Editorial, Opinion

Abolish migrant prisons now

On Oct. 25, the Canada Border Services Agency (CBSA) opened a new migrant detention centre in Laval, Quebec. Canadian provinces, often in accordance with CBSA contracts, forcefully detain migrants for “administrative reasons” and continue to incarcerate many for indefinite periods of time. The excuse of administrative detention undermines the violent reality of the centres: People are illegally detained for months or even years, children are either separated from their families or grow up incarcerated, and individuals are being forced into solitary confinement. The grounds for imprisonment often relate to perceived risks to public safety, which are notoriously grounded in racism and ableism. Black and brown migrants, as well as disabled or mentally ill individuals, are subjected to longer sentences and harsher treatment. 

The forceful detention of migrants in the Laval facility, operated by the CBSA, is in violation of international law and is just another iteration of colonial state violence. Furthermore, the CBSA has no institutional oversight, meaning the agency is free to treat migrants as it wishes without repercussions. This lack of accountability is endemic to the immigration bureaucracy, and both federal and provincial governments who partake in these practices, such as Ontario, must take responsibility for their complicity in human rights abuses. Quebec must end its contract with the CBSA, close all migrant detention centres, and end the illegal and horrifying incarceration of innocent migrants.

Canada, much like the United States, has a shameful legacy of forcing migrants and refugees into detention centres. Canada’s government has never shied away from kidnapping minors, separating families, and attempting to rid their population of those considered a risk to the white status quo. Canadian history is scored with violence, from internment camps for Italian-Canadians and for Japanese-Canadians during World War II, to residential schools for Indigenous children. The Canadian government has long operated a brutal border regime on land unceded by its native inhabitants. No one is illegal on stolen land, and for the state to presume otherwise is ardent proof that Canada’s white supremacist project has continued into the 21st century. 
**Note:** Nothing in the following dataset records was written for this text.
theorem lemma2p13:
  fixes \<epsilon> \<alpha> \<beta> :: real and V :: "'a set" and E :: "'a set set" and P' :: "'a set set"
  assumes "0 < \<epsilon>" "\<epsilon> < 1" "0 < \<alpha>" "\<alpha> < 1" "0 < \<beta>"
    and "finite_graph V E"
    and "partition_on V P'"
  shows "\<exists>P. good_coarsening \<epsilon> \<alpha> \<beta> V E P P'"
proof -
  define l where "l = card P'"
  define c where "c = \<alpha> / (real l)\<^sup>2"
    \<comment> \<open>\<open>c = 0\<close> if \<open>P' = {}\<close>, a case that then needs no separate treatment\<close>
  define \<theta> where "\<theta> = threshold \<epsilon> c"
  define R where "R i = H_component_rel E P' (\<theta> i * \<beta>)" for i
  have finite: "finite P'"
    using assms(6,7) finite_elements by (auto simp: finite_graph_def)
  have c: "0 \<le> c" "c \<le> 1"
    using assms(3,4) divide_nat_square_le_1[of \<alpha> l] by (simp_all add: c_def)
  have equiv: "equiv P' (R i)" for i
    unfolding R_def by (rule equiv_H_component_rel)
  have chain: "R i \<subseteq> R (Suc i)" for i
    unfolding R_def \<theta>_def using threshold_Suc_le[of \<epsilon> c i] assms(1,2,5) c
    by (intro H_component_rel_antimono) simp
  obtain i where "i \<le> l" and stable: "R i = R (Suc i)"
    using increasing_equiv_chain_stabilises[of P' R, OF finite equiv chain] unfolding l_def .
  have bounds: "\<epsilon> * (\<epsilon> * c) ^ 2 ^ l \<le> \<theta> i" "\<theta> i \<le> \<epsilon>"
    unfolding \<theta>_def using threshold_bounds \<open>i \<le> l\<close> assms(1,2) c by auto
  have "good_coarsening \<epsilon> \<alpha> \<beta> V E (Union ` (P' // R i)) P'"
    unfolding R_def
  proof (intro good_coarsening_H_components[OF assms(7) finite])
    show "H_component_rel E P' (\<theta> (Suc i) * \<beta>) \<subseteq> H_component_rel E P' (\<theta> i * \<beta>)"
      using stable by (simp add: R_def)
    show "(real (card P'))\<^sup>2 * \<theta> (Suc i) \<le> (\<theta> i)\<^sup>2 * \<alpha>"
      using scaled_threshold_Suc_le assms(3) by (simp add: \<theta>_def c_def l_def)
    show "0 \<le> \<theta> (Suc i)"
      using threshold_nonneg assms(1) c(1) by (simp add: \<theta>_def)
  qed (use bounds assms(5) in \<open>simp_all add: c_def l_def\<close>)
  then show ?thesis ..
qed

end
lemma maximal_fip_in_closed_members_irreducible:
  assumes X: "spectral_space X"
    and \<M>: "\<forall>S\<in>\<M>. closedin X S \<or> qc_open X S" "fip_in X \<M>"
    and maximal: "\<And>S. closedin X S \<Longrightarrow> S \<notin> \<M>
                   \<Longrightarrow> \<exists>\<G>. finite \<G> \<and> \<G> \<subseteq> \<M> \<and> topspace X \<inter> \<Inter>\<G> \<inter> S = {}"
  shows "irreducible_in X (topspace X \<inter> \<Inter>{S \<in> \<M>. closedin X S})"
    (is "irreducible_in X ?Z")
  unfolding irreducible_in_def
proof (intro conjI allI impI)
  note Z_meets = fip_in_closed_members_meet_qc_open[OF X \<M>(2)]
  show "?Z \<noteq> {}" using Z_meets[of "{}"] by simp
  show "?Z \<subseteq> topspace X" by blast
  fix A B assume AB: "closedin X A" "closedin X B" "?Z \<subseteq> A \<union> B"
  show "?Z \<subseteq> A \<or> ?Z \<subseteq> B"
  proof (rule ccontr)
    assume "\<not> (?Z \<subseteq> A \<or> ?Z \<subseteq> B)"
    then have "A \<notin> \<M>" "B \<notin> \<M>" using AB by blast+
    then obtain \<G>\<^sub>A \<G>\<^sub>B where
      A: "finite \<G>\<^sub>A" "\<G>\<^sub>A \<subseteq> \<M>" "topspace X \<inter> \<Inter>\<G>\<^sub>A \<inter> A = {}" and
      B: "finite \<G>\<^sub>B" "\<G>\<^sub>B \<subseteq> \<M>" "topspace X \<inter> \<Inter>\<G>\<^sub>B \<inter> B = {}"
      using maximal AB(1,2) by metis
    define \<G> where "\<G> = {U \<in> \<G>\<^sub>A \<union> \<G>\<^sub>B. qc_open X U}"
    have "finite \<G>" "\<G> \<subseteq> \<M>" "\<forall>U\<in>\<G>. qc_open X U" using A B unfolding \<G>_def by auto
    then have "?Z \<inter> \<Inter>\<G> \<noteq> {}" by (rule Z_meets)
    then obtain z where z: "z \<in> ?Z" "z \<in> \<Inter>\<G>" by blast
    have "z \<in> S" if S: "S \<in> \<G>\<^sub>A \<union> \<G>\<^sub>B" for S
    proof (cases "qc_open X S")
      case True
      then show ?thesis using z(2) S unfolding \<G>_def by blast
    next
      case False
      then have "closedin X S" "S \<in> \<M>" using S A(2) B(2) \<M>(1) by blast+
      then show ?thesis using z(1) by blast
    qed
    moreover have "z \<in> topspace X" using z(1) by blast
    ultimately show False using A(3) B(3) AB(3) z(1) by blast
  qed
qed

text \<open>Compactness of the patch topology: a maximal family with the finite intersection property
  is built by Zorn's lemma, and the generic point of the intersection of its closed members lies
  in every member.\<close>
lemma spectral_patch_fip:
  assumes X: "spectral_space X"
    and patch: "\<forall>S\<in>\<K>. closedin X S \<or> qc_open X S" and fip: "fip_in X \<K>"
  shows "topspace X \<inter> \<Inter>\<K> \<noteq> {}"
proof -
  obtain \<M> where "\<K> \<subseteq> \<M>" and \<M>: "\<forall>S\<in>\<M>. closedin X S \<or> qc_open X S" "fip_in X \<M>"
    and maximal: "\<And>S. closedin X S \<Longrightarrow> S \<notin> \<M>
                   \<Longrightarrow> \<exists>\<G>. finite \<G> \<and> \<G> \<subseteq> \<M> \<and> topspace X \<inter> \<Inter>\<G> \<inter> S = {}"
    by (rule fip_in_maximal_extension[OF fip patch]) blast
  define Z where "Z = topspace X \<inter> \<Inter>{S \<in> \<M>. closedin X S}"
  have "Z = \<Inter>(insert (topspace X) {S \<in> \<M>. closedin X S})" unfolding Z_def by blast
  moreover have "closedin X (\<Inter>(insert (topspace X) {S \<in> \<M>. closedin X S}))"
    by (rule closedin_Inter) auto
  moreover have "irreducible_in X Z"
    unfolding Z_def using maximal_fip_in_closed_members_irreducible[OF X \<M> maximal] by blast
  ultimately obtain g where g: "g \<in> Z" "X closure_of {g} = Z"
    using X unfolding spectral_space_def by auto
  have "g \<in> S" if S: "S \<in> \<M>" for S
  proof (cases "closedin X S")
    case True
    then show ?thesis using g(1) S unfolding Z_def by blast
  next
    case False
    then have "qc_open X S" using \<M>(1) S by blast
    then obtain y where "y \<in> Z" "y \<in> S"
      using fip_in_closed_members_meet_qc_open[OF X \<M>(2), of "{S}"] S unfolding Z_def by blast
    then have "y \<in> X closure_of {g}" using g(2) by simp
    then show ?thesis using \<open>y \<in> S\<close> \<open>qc_open X S\<close> unfolding qc_open_def in_closure_of by blast
  qed
  then show ?thesis using g(1) \<open>\<K> \<subseteq> \<M>\<close> unfolding Z_def by blast
qed

lemma spectral_closed_finite_subcover:
  assumes X: "spectral_space X" and Y: "closedin X Y" "Y \<subseteq> \<Union>\<F>"
    and \<F>: "\<forall>Z\<in>\<F>. qc_open X (topspace X - Z)"
  obtains \<F>' where "finite \<F>'" "\<F>' \<subseteq> \<F>" "Y \<subseteq> \<Union>\<F>'"
proof -
  let ?\<K> = "insert Y ((\<lambda>Z. topspace X - Z) ` \<F>)"
  have patch: "\<forall>S\<in>?\<K>. closedin X S \<or> qc_open X S" using Y(1) \<F> by blast
  have "x \<notin> \<Inter>?\<K>" for x using Y(2) by auto
  then have "\<not> fip_in X ?\<K>" using spectral_patch_fip[OF X patch] by blast
  then obtain \<G> where \<G>: "finite \<G>" "\<G> \<subseteq> ?\<K>" "topspace X \<inter> \<Inter>\<G> = {}"
    unfolding fip_in_def by blast
  have "\<exists>\<F>'\<subseteq>\<F>. finite \<F>' \<and> \<G> - {Y} = (\<lambda>Z. topspace X - Z) ` \<F>'"
    by (rule finite_subset_image) (use \<G>(1,2) in auto)
  then obtain \<F>' where \<F>': "\<F>' \<subseteq> \<F>" "finite \<F>'" "\<G> - {Y} = (\<lambda>Z. topspace X - Z) ` \<F>'"
    by blast
  have "Y \<subseteq> \<Union>\<F>'"
  proof
    fix y assume "y \<in> Y"
    then have "y \<in> topspace X" using closedin_subset[OF Y(1)] by blast
    then obtain G where "G \<in> \<G>" "y \<notin> G" using \<G>(3) by blast
    then have "G \<in> \<G> - {Y}" using \<open>y \<in> Y\<close> by blast
    then obtain Z where "Z \<in> \<F>'" "G = topspace X - Z" using \<F>'(3) by blast
    then show "y \<in> \<Union>\<F>'" using \<open>y \<in> topspace X\<close> \<open>y \<notin> G\<close> by blast
  qed
  then show thesis using that \<F>'(1,2) by blast
qed

lemma closed_thomason_subset_imp_qc_open_complement:
  assumes X: "spectral_space X" and Y: "closedin X Y" "thomason_subset X Y"
  shows "qc_open X (topspace X - Y)"
proof -
  obtain \<F> where \<F>: "\<forall>Z\<in>\<F>. Z \<subseteq> topspace X \<and> qc_open X (topspace X - Z)" "Y = \<Union>\<F>"
    using Y(2) unfolding thomason_subset_def by blast
  then obtain \<F>' where "finite \<F>'" "\<F>' \<subseteq> \<F>" "Y \<subseteq> \<Union>\<F>'"
    using spectral_closed_finite_subcover[OF X Y(1)] by blast
  then have "topspace X - Y = topspace X \<inter> \<Inter>((\<lambda>Z. topspace X - Z) ` \<F>')"
    using \<F>(2) by blast
  moreover have "qc_open X (topspace X \<inter> \<Inter>((\<lambda>Z. topspace X - Z) ` \<F>'))"
    using qc_open_Inter[OF X] \<open>finite \<F>'\<close> \<open>\<F>' \<subseteq> \<F>\<close> \<F>(1) by blast
  ultimately show ?thesis by simp
qed

section \<open>Support data coming from a map to Spec*\<close>

locale canonical_morphism = ideal_lat m for m :: "'a::complete_lattice \<Rightarrow> 'a \<Rightarrow> 'a" +
  fixes X :: "'b topology" and \<sigma> :: "'a \<Rightarrow> 'b set" and f :: "'b \<Rightarrow> 'a"
  assumes continuous: "continuous_map X (spec_star m) f"
    and sigma_eq: "\<And>a. lat_compact a \<Longrightarrow> \<sigma> a = {x \<in> topspace X. f x \<in> supp m a}"
begin

lemma prime_image: "x \<in> topspace X \<Longrightarrow> lat_prime m (f x)"
  using continuous_map_image_subset_topspace[OF continuous]
  unfolding topspace_spec_star primes_def by blast

lemma mem_sigma: "lat_compact b \<Longrightarrow> x \<in> \<sigma> b \<longleftrightarrow> x \<in> topspace X \<and> \<not> b \<le> f x"
  using sigma_eq prime_image unfolding supp_def primes_def by blast

lemma sigma_subset: "lat_compact b \<Longrightarrow> \<sigma> b \<subseteq> topspace X"
  using mem_sigma by blast

lemma sigma_sup:
  assumes "lat_compact b" "lat_compact c"
  shows "\<sigma> (sup b c) = \<sigma> b \<union> \<sigma> c"
  using mem_sigma[OF lat_compact_sup[OF assms]] mem_sigma[OF assms(1)] mem_sigma[OF assms(2)]
  by auto

lemma sigma_mult:
  assumes "lat_compact b" "lat_compact c"
  shows "\<sigma> (m b c) = \<sigma> b \<inter> \<sigma> c"
  using mem_sigma[OF lat_compact_mult[OF assms]] mem_sigma[OF assms(1)] mem_sigma[OF assms(2)]
    prime_mult_le_iff[OF prime_image]
  by auto

lemma closedin_sigma: "lat_compact c \<Longrightarrow> closedin X (\<sigma> c)"
  using closedin_continuous_map_preimage[OF continuous closedin_spec_star_supp] sigma_eq by simp

lemma Diff_sigma_eq: "lat_compact c \<Longrightarrow> topspace X - \<sigma> c = {x \<in> topspace X. f x \<in> zarV m c}"
  using prime_image by (auto simp: mem_sigma zarV_def primes_def)

lemma image_Diff_sigma:
  assumes onto: "f ` topspace X = primes m" and c: "lat_compact c"
  shows "f ` (topspace X - \<sigma> c) = zarV m c"
proof
  show "f ` (topspace X - \<sigma> c) \<subseteq> zarV m c" by (auto simp: Diff_sigma_eq[OF c])
  show "zarV m c \<subseteq> f ` (topspace X - \<sigma> c)"
  proof
    fix q assume "q \<in> zarV m c"
    moreover obtain x where "x \<in> topspace X" "q = f x"
      using onto zarV_subset_primes \<open>q \<in> zarV m c\<close> by (metis imageE subsetD)
    ultimately show "q \<in> f ` (topspace X - \<sigma> c)" by (auto simp: Diff_sigma_eq[OF c])
  qed
qed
Beyond detention centres, the immigration process is inherently racist and elitist, especially when it comes to Quebec. Language and value tests, established to filter out anyone who does not fit the white Francophone ideal, are just another rendition of the exclusionary vision of a Great White North. The hypocrisy of the state is further exemplified by the admission of immigrants accepted into higher-education institutions, while also luring working-class immigrants to strengthen Canada’s declining workforce, only to illegally incarcerate many upon arrival. It is painfully ironic to see Canada claim that its doors are open while subjecting many to inhumane conditions and upholding a hostile assimilation system once immigrants settle. If Canada wants to truly embody the values of benevolence and multiculturalism it purports to have, this country must abolish the current immigration system and its violent border regime. 

Simple calls to reform the immigration process fail to recognize the true harm inflicted by the CBSA, provincial jails, and detention centres. The illegal incarceration of Black and brown migrants cannot be addressed by simply installing better plumbing in prisons or building shiny new centres. Canadian society must move past reform and fervently support prison abolition. Black American abolitionists like Angela Davis have spoken about how deeply ingrained the carceral system is in society. Abolition prompts imagination, and to envision a just world in an environment so hostile towards Black and brown lives is an act of resistance.

The government-led mission to cover up the reality of migrant prisons must not prevent the media, universities, and students from looking beyond Canada’s front of multiculturalism. Universities like McGill have a duty to inform students about the world that surrounds them, and ultimately, to hold provincial bodies accountable. Furthermore, students at McGill have the responsibility to question their positionality in Canadian society and to participate in the abolitionist movement. Not all immigrants are treated equally, and part of the path to abolition is acknowledging the ways in which the state attempts to build a national identity through eugenicist practices. The future of Quebec and Canada must be non-carceral, and it depends on the immediate decriminalization of immigration and the razing of migrant prisons.